#### Provided data ####

(* Let $G\in\mathrm{C}^1(\mathbb{R})$ be coercive, $V\in\mathrm{Lip}(\mathbb{R})$ $1$-periodic, $\theta\in\mathbb{R}$, and let $\overline{H}$, $f_\theta$, $I_\theta$, $B_\theta$, $b(\theta)$ be as in the context (with $I_\theta(1)\neq0$). (a) If $I_\theta(1)>0$, then for all sufficiently small $h>0$ there is $\theta^*\in(\theta,\theta+hb(\theta))$ with $\overline{H}(\theta^* )=\overline{H}(\theta)+h/2>\overline{H}(\theta)$. (b) If $I_\theta(1)<0$, then for all sufficiently small $h>0$ there is $\theta^*\in(\theta-hb(\theta),\theta)$ with $\overline{H}(\theta^* )=\overline{H}(\theta)+h/2>\overline{H}(\theta)$.
   Context: $G$ coercive means $G(p)\to\infty$ as $p\to\pm\infty$. For each $\theta\in\mathbb{R}$, $\overline{H}(\theta)\in\mathbb{R}$ and the $1$-periodic $f_\theta\in\mathrm{C}^1(\mathbb{R})$ are the unique number and function with $\int_0^1 f_\theta=\theta$ and $f_\theta'(x)+G(f_\theta(x))+V(x)=\overline{H}(\theta)$ for all $x$. Set $I_\theta(x)=\int_0^x G'(f_\theta(y))\,dy$ and $B_\theta(x)=\int_0^x e^{I_\theta(y)}dy$. When $I_\theta(1)\ne0$, let $g_\theta(x)=s\big(B_\theta(x)+\frac{B_\theta(1)}{e^{I_\theta(1)}-1}\big)e^{-I_\theta(x)}$ where $s=1$ if $I_\theta(1)>0$ and $s=-1$ if $I_\theta(1)<0$; this is the $1$-periodic positive $\mathrm{C}^1$ solution of $g'+G'(f_\theta)g=s$. Define $b(\theta)=\int_0^1 g_\theta(x)\,dx>0$. *)

theory Defs
  imports "HOL-Analysis.Analysis"
begin

definition cell_sol ::
  "(real \<Rightarrow> real) \<Rightarrow> (real \<Rightarrow> real) \<Rightarrow> real \<Rightarrow> real \<Rightarrow> (real \<Rightarrow> real) \<Rightarrow> bool" where
  "cell_sol G V \<theta> c f \<longleftrightarrow>
     (\<forall>x. f (x + 1) = f x) \<and>
     (\<exists>f'. continuous_on UNIV f' \<and> (\<forall>x. (f has_real_derivative f' x) (at x)) \<and>
           (\<forall>x. f' x + G (f x) + V x = c)) \<and>
     integral {0..1} f = \<theta>"

definition Hbar :: "(real \<Rightarrow> real) \<Rightarrow> (real \<Rightarrow> real) \<Rightarrow> real \<Rightarrow> real" where
  "Hbar G V \<theta> = (THE c. \<exists>f. cell_sol G V \<theta> c f)"

definition fsol :: "(real \<Rightarrow> real) \<Rightarrow> (real \<Rightarrow> real) \<Rightarrow> real \<Rightarrow> real \<Rightarrow> real" where
  "fsol G V \<theta> = (THE f. cell_sol G V \<theta> (Hbar G V \<theta>) f)"

definition Ifun :: "(real \<Rightarrow> real) \<Rightarrow> (real \<Rightarrow> real) \<Rightarrow> (real \<Rightarrow> real) \<Rightarrow> real \<Rightarrow> real \<Rightarrow> real" where
  "Ifun G G' V \<theta> x = integral {0..x} (\<lambda>y. G' (fsol G V \<theta> y))"

definition Bfun :: "(real \<Rightarrow> real) \<Rightarrow> (real \<Rightarrow> real) \<Rightarrow> (real \<Rightarrow> real) \<Rightarrow> real \<Rightarrow> real \<Rightarrow> real" where
  "Bfun G G' V \<theta> x = integral {0..x} (\<lambda>y. exp (Ifun G G' V \<theta> y))"

definition gfun :: "(real \<Rightarrow> real) \<Rightarrow> (real \<Rightarrow> real) \<Rightarrow> (real \<Rightarrow> real) \<Rightarrow> real \<Rightarrow> real \<Rightarrow> real" where
  "gfun G G' V \<theta> x =
     (let s = (if Ifun G G' V \<theta> 1 > 0 then 1 else -1) in
      s * (Bfun G G' V \<theta> x + Bfun G G' V \<theta> 1 / (exp (Ifun G G' V \<theta> 1) - 1))
        * exp (- Ifun G G' V \<theta> x))"

definition bfun :: "(real \<Rightarrow> real) \<Rightarrow> (real \<Rightarrow> real) \<Rightarrow> (real \<Rightarrow> real) \<Rightarrow> real \<Rightarrow> real" where
  "bfun G G' V \<theta> = integral {0..1} (gfun G G' V \<theta>)"

end

theory Submission
  imports Defs
begin

(* The cell equation f' = c - G(f) - V is solved on [0,1] by sub- and supersolutions, the solution
   being obtained by monotone iteration of an integral operator. Two periodic solutions are either
   equal or strictly ordered, so a periodic solution is determined by its mean; the means fill the
   whole line, being unbounded in both directions (coercivity), closed under monotone limits, and
   gap-free, because between two periodic solutions a third one can be trapped. This makes Hbar
   and f_theta well defined.
   For the lemma, g solves the linearised equation g' + G'(f) g = s, so for small h the function
   psi = f + s h g satisfies psi' >= c + h/2 - G(psi) - V + h/4. Hence psi is a strict
   supersolution and f a subsolution for the constant c + h/2, and the periodic solution trapped
   between them has Hbar = Hbar(theta) + h/2 and mean strictly between theta and theta + s h b. *)

lemma deriv_nonneg_imp_mono_on_Icc:
  fixes f f' :: "real \<Rightarrow> real"
  assumes deriv: "\<And>x. x \<in> {a..b} \<Longrightarrow> (f has_real_derivative f' x) (at x within {a..b})"
    and nonneg: "\<And>x. x \<in> {a..b} \<Longrightarrow> f' x \<ge> 0" and "a \<le> x" "x \<le> y" "y \<le> b"
  shows "f x \<le> f y"
proof (rule DERIV_nonneg_imp_increasing_open[OF \<open>x \<le> y\<close>])
  fix t assume t: "x < t" "t < y"
  have "at t within {a..b} = at t"
    by (rule at_within_interior) (use t assms in auto)
  then show "\<exists>z. DERIV f t :> z \<and> z \<ge> 0"
    using deriv[of t] nonneg[of t] t assms by auto
next
  have "continuous_on {a..b} f" by (rule DERIV_continuous_on[OF deriv])
  then show "continuous_on {x..y} f" by (rule continuous_on_subset) (use assms in auto)
qed

lemma continuous_on_Icc_bound:
  fixes f :: "real \<Rightarrow> real"
  assumes "continuous_on {a..b} f"
  obtains M where "\<And>x. x \<in> {a..b} \<Longrightarrow> \<bar>f x\<bar> \<le> M"
  using continuous_on_compact_bound[OF compact_Icc assms] by (metis real_norm_def)

lemma integral_pos_if_continuous_pos:
  fixes f :: "real \<Rightarrow> real"
  assumes cont: "continuous_on {0..1} f" and pos: "\<And>x. x \<in> {0..1} \<Longrightarrow> f x > 0"
  shows "integral {0..1} f > 0"
proof -
  obtain m where m: "m \<in> {0..1}" "\<And>y. y \<in> {0..1} \<Longrightarrow> f m \<le> f y"
    using continuous_attains_inf[of "{0..1::real}" f] cont by auto
  have "integral {0..1::real} (\<lambda>_. f m) \<le> integral {0..1} f"
    by (rule integral_le) (use m integrable_continuous_interval[OF cont] in auto)
  then show ?thesis using pos[OF m(1)] by simp
qed

lemma incseq_tendsto_if_subseq_tendsto:
  fixes X :: "nat \<Rightarrow> real"
  assumes X: "incseq X" and r: "strict_mono r" and lim: "(\<lambda>n. X (r n)) \<longlonglongrightarrow> l"
  shows "X \<longlonglongrightarrow> l"
proof -
  have "incseq (\<lambda>n. X (r n))" using X r by (simp add: incseq_def strict_mono_leD)
  then have "X n \<le> l" for n
    using incseq_le[OF _ lim, of n] incseqD[OF X seq_suble[OF r, of n]] by auto
  then have "X \<longlonglongrightarrow> (SUP n. X n)" by (intro LIMSEQ_incseq_SUP bdd_aboveI2 X)
  moreover from LIMSEQ_subseq_LIMSEQ[OF this r] have "(SUP n. X n) = l"
    using LIMSEQ_unique lim by (auto simp: o_def)
  ultimately show ?thesis by simp
qed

####

Copy out every line of the material above that mentions the word "shows".

  shows "f x \<le> f y"
  shows "integral {0..1} f > 0"
  shows "X \<longlonglongrightarrow> l"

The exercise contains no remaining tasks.